Прямо с аэродрома маршала доставили на заседание Президиума ЦК. Микоян бросил ему в лицо его собственные слова, что без его приказа ни один танк не двинется с места. Дескать, как же это так, армия подчиняется не ЦК, а лично Георгию Константиновичу? Было принято постановление «о культе личности Жукова и его склонности к авантюризму, открывающему путь к бонапартизму». Тут же был созван пленум ЦК. Было признано, что Жуков «нарушал ленинские, партийные принципы руководства Вооруженными силами, проводил линию на свертывание работы партийных организаций, политорганов и военных советов, на ликвидацию руководства и контроля партии и ЦК над армией» [31]. Маршала вывели из Президиума и ЦК и отправили в отставку.
В обвинениях против Жукова особую активность проявил глава правительства Булганин. Выслуживался перед Хрущевым, простившим ему участие в «антипартийной группе» Молотова и Маленкова. Но Никита Сергеевич был злопамятным, он только отложил расправу. Использовал Булганина против Жукова, а потом и самого убрал. Впрочем, он на это давно нацеливался. «Вождем» теперь стал Хрущев, но был лишь партийным лидером. А на международной арене получался «неофициальным» лицом, договоры подписывал Булганин. Никита Сергеевич опять действовал исподтишка. Удар по Булганину возложил еще на еще одного вчерашнего оппозиционера, Ворошилова. Пусть тоже выслуживается.
В марте 1958 г. на сессии Верховного Совета СССР тот внес предложение – совместить посты Первого секретаря ЦК и председателя Совета министров. Совместились они, конечно, в лице Хрущева, а Булганина перевели начальником правления Госбанка. Но Никита Сергеевич мстил не сразу, а издевательски, мелочно. Через несколько месяцев сослал Булганина председателем совнархоза в Ставрополь. Еще через несколько месяцев вывел из Президиума ЦК. Потом, зная о любви Булганина покрасоваться в маршальском мундире, лишил его звания маршала.
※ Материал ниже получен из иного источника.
(* Every permutation class containing only finitely many simple permutations is partially well-ordered under the pattern containment order, i.e. it contains no infinite antichain.
   Context: A permutation $\pi$ contains $\sigma$ ($\sigma\le\pi$) if some subsequence of $\pi$ has the same relative order as $\sigma$; this is a partial order on all finite permutations. A permutation class is a downset under $\le$. An antichain is a set of pairwise incomparable permutations. An interval of a permutation is a set of contiguous positions whose values form a contiguous set; a permutation of length $n$ is simple if its only intervals have sizes $0,1,n$. *)

theory Defs
  imports Main
begin

text \<open>A permutation of length n is represented as a list of the numbers 0,...,n-1
  (0-based one-line notation), each occurring exactly once.\<close>
definition is_perm :: "nat list \<Rightarrow> bool" where
  "is_perm p \<longleftrightarrow> set p = {0..<length p} \<and> distinct p"

definition contains :: "nat list \<Rightarrow> nat list \<Rightarrow> bool" where
  "contains \<sigma> \<pi> \<longleftrightarrow>
     (\<exists>f. strict_mono_on {0..<length \<sigma>} f \<and> (\<forall>i<length \<sigma>. f i < length \<pi>) \<and>
          (\<forall>i<length \<sigma>. \<forall>j<length \<sigma>. (\<pi> ! f i < \<pi> ! f j) \<longleftrightarrow> (\<sigma> ! i < \<sigma> ! j)))"

definition perm_class :: "nat list set \<Rightarrow> bool" where
  "perm_class C \<longleftrightarrow> (\<forall>p\<in>C. is_perm p) \<and>
     (\<forall>\<pi>\<in>C. \<forall>\<sigma>. is_perm \<sigma> \<and> contains \<sigma> \<pi> \<longrightarrow> \<sigma> \<in> C)"

definition is_interval :: "nat list \<Rightarrow> nat set \<Rightarrow> bool" where
  "is_interval p I \<longleftrightarrow> (\<exists>i j. i \<le> j \<and> j \<le> length p \<and> I = {i..<j} \<and>
      (\<exists>a. (\<lambda>k. p ! k) ` I = {a..<a + (j - i)}))"

definition simple_perm :: "nat list \<Rightarrow> bool" where
  "simple_perm p \<longleftrightarrow> is_perm p \<and>
     (\<forall>I. is_interval p I \<longrightarrow> card I \<in> {0, 1, length p})"

definition antichain :: "nat list set \<Rightarrow> bool" where
  "antichain A \<longleftrightarrow> (\<forall>p\<in>A. \<forall>q\<in>A. p \<noteq> q \<longrightarrow> \<not> contains p q)"

end

theory Submission
  imports Defs "HOL-Library.Infinite_Set"
begin

text \<open>
  Every permutation of length at least 2 is an inflation
  \<sigma>[\<alpha>_1, ..., \<alpha>_k] of a simple permutation \<sigma> of length k \<ge> 2 by strictly shorter
  blocks \<alpha>_l, and inflation is monotone: if \<alpha>_l \<le> \<beta>_l for all l then
  \<sigma>[\<alpha>_1, ..., \<alpha>_k] \<le> \<sigma>[\<beta>_1, ..., \<beta>_k]. Suppose the class C has an infinite antichain.
  Nash-Williams' minimal bad sequence argument (with size = length) yields a bad sequence m of
  patterns of C such that the strictly shorter patterns of the m n form an almost full set.
  Decomposing each m n, the skeletons are simple permutations in C, so by finiteness one skeleton
  occurs infinitely often; along that subsequence the blocks form k-tuples from an almost full
  set, so some block tuples are coordinatewise comparable and, by monotonicity of inflation, two
  members of m are comparable -- a contradiction.
\<close>


definition embedding :: "(nat \<Rightarrow> nat) \<Rightarrow> nat list \<Rightarrow> nat list \<Rightarrow> bool" where
  "embedding f \<sigma> \<pi> \<longleftrightarrow> strict_mono_on {0..<length \<sigma>} f \<and> (\<forall>i<length \<sigma>. f i < length \<pi>) \<and>
     (\<forall>i<length \<sigma>. \<forall>j<length \<sigma>. (\<pi> ! f i < \<pi> ! f j) \<longleftrightarrow> (\<sigma> ! i < \<sigma> ! j))"

lemma contains_iff_embedding: "contains \<sigma> \<pi> \<longleftrightarrow> (\<exists>f. embedding f \<sigma> \<pi>)"
  unfolding contains_def embedding_def ..

lemma contains_refl: "contains \<pi> \<pi>"
  unfolding contains_iff_embedding embedding_def
  by (rule exI[of _ id]) (auto intro: strict_mono_onI)

lemma contains_trans:
  assumes "contains \<rho> \<sigma>" "contains \<sigma> \<pi>" shows "contains \<rho> \<pi>"
proof -
  obtain f g where f: "embedding f \<rho> \<sigma>" and g: "embedding g \<sigma> \<pi>"
    using assms unfolding contains_iff_embedding by blast
  have "strict_mono_on {0..<length \<rho>} (g \<circ> f)"
  proof (rule strict_mono_onI)
    fix r s assume rs: "r \<in> {0..<length \<rho>}" "s \<in> {0..<length \<rho>}" "r < s"
    then have "f r < f s" "f s < length \<sigma>"
      using f strict_mono_onD[of _ f r s] unfolding embedding_def by auto
    then show "(g \<circ> f) r < (g \<circ> f) s"
      using g strict_mono_onD[of _ g "f r" "f s"] unfolding embedding_def by auto
  qed
  with f g have "embedding (g \<circ> f) \<rho> \<pi>" unfolding embedding_def by auto
  then show ?thesis unfolding contains_iff_embedding by blast
qed

lemma transp_contains: "transp contains"
  by (rule transpI) (rule contains_trans)

lemma contains_distinct:
  assumes "contains \<sigma> \<pi>" "distinct \<pi>" shows "distinct \<sigma>"
proof -
  obtain f where f: "embedding f \<sigma> \<pi>" using assms(1) unfolding contains_iff_embedding by blast
  have "inj_on f {0..<length \<sigma>}"
    using f strict_mono_on_imp_inj_on unfolding embedding_def by blast
  show ?thesis unfolding distinct_conv_nth
  proof (intro allI impI)
    fix i j assume ij: "i < length \<sigma>" "j < length \<sigma>" "i \<noteq> j"
    then have "f i \<noteq> f j" using \<open>inj_on f _\<close> by (auto dest: inj_onD)
    then have "\<pi> ! f i \<noteq> \<pi> ! f j" using assms(2) f ij by (simp add: embedding_def nth_eq_iff_index_eq)
    then show "\<sigma> ! i \<noteq> \<sigma> ! j" using f ij unfolding embedding_def by (metis linorder_neq_iff)
  qed
qed

lemma contains_short:
  assumes "length \<sigma> \<le> 1" "length \<sigma> \<le> length \<pi>" shows "contains \<sigma> \<pi>"
proof -
  have only_zero: "i = 0" if "i < length \<sigma>" for i using that assms(1) by linarith
  show ?thesis using assms unfolding contains_iff_embedding embedding_def
    by (intro exI[of _ "\<lambda>_. 0"]) (auto simp: strict_mono_on_def dest: only_zero)
qed

section \<open>Almost full relations and chain subsequences\<close>

text \<open>A sequence in X without a pair i < j with R (g i) (g j) is called bad; R is almost full
  on X if there is no bad sequence in X (for a preorder: X is well-quasi-ordered).\<close>
definition bad :: "('a \<Rightarrow> 'a \<Rightarrow> bool) \<Rightarrow> 'a set \<Rightarrow> (nat \<Rightarrow> 'a) \<Rightarrow> bool" where
  "bad R X g \<longleftrightarrow> (\<forall>n. g n \<in> X) \<and> (\<forall>i j. i < j \<longrightarrow> \<not> R (g i) (g j))"

definition almost_full_on :: "('a \<Rightarrow> 'a \<Rightarrow> bool) \<Rightarrow> 'a set \<Rightarrow> bool" where
  "almost_full_on R X \<longleftrightarrow> (\<forall>g :: nat \<Rightarrow> 'a. (\<forall>n. g n \<in> X) \<longrightarrow> (\<exists>i j. i < j \<and> R (g i) (g j)))"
В 1960 г. отправил на пенсию.
Так же, систематически, раз за разом Хрущев клевал других участников «антипартийной группы». Сабурова в 1958 г. отправил директором завода в Сызрань, Первухина – послом в ГДР. В 1961 г. обоих убрал из ЦК. «Прощенного» Ворошилова держал председателем президиума Верховного Совета до 1960 г. – потом заменил Брежневым, в 1961 г. вывел из ЦК. Но Ворошилову все же сохранил привилегии, позволял заседать в Верховном Совете. А по Маленкову, Молотову, Кагановичу прошлись на съезде партии, объявили их соучастниками репрессий, сняли со всех должностей и исключили из партии. «Примкнувший к ним» Шепилов никакого отношения к репрессиям не имел, но ему Хрущев мстил как персональному «изменнику». В 1959 г. лишил ученой степени члена-корреспондента Академии наук. А потом вместе с Молотовым, Кагановичем и Маленковым выгнал из партии. Он стал работать скромным служащим в архиве.
Разброд в умах
Идеологами Хрущева разоблачение «культа личности» преподносилось как настоящая культурная революция, торжество «свободы слова». Хрущев взял литературу и искусство под личную опеку, приблизил к себе два десятка авторов, облагодетельствовал их дачами, машинами, предоставив полнейшую свободу хаять «культ личности» и восхвалять свое правление. Как раз эти деятели вовсю славили оттепель.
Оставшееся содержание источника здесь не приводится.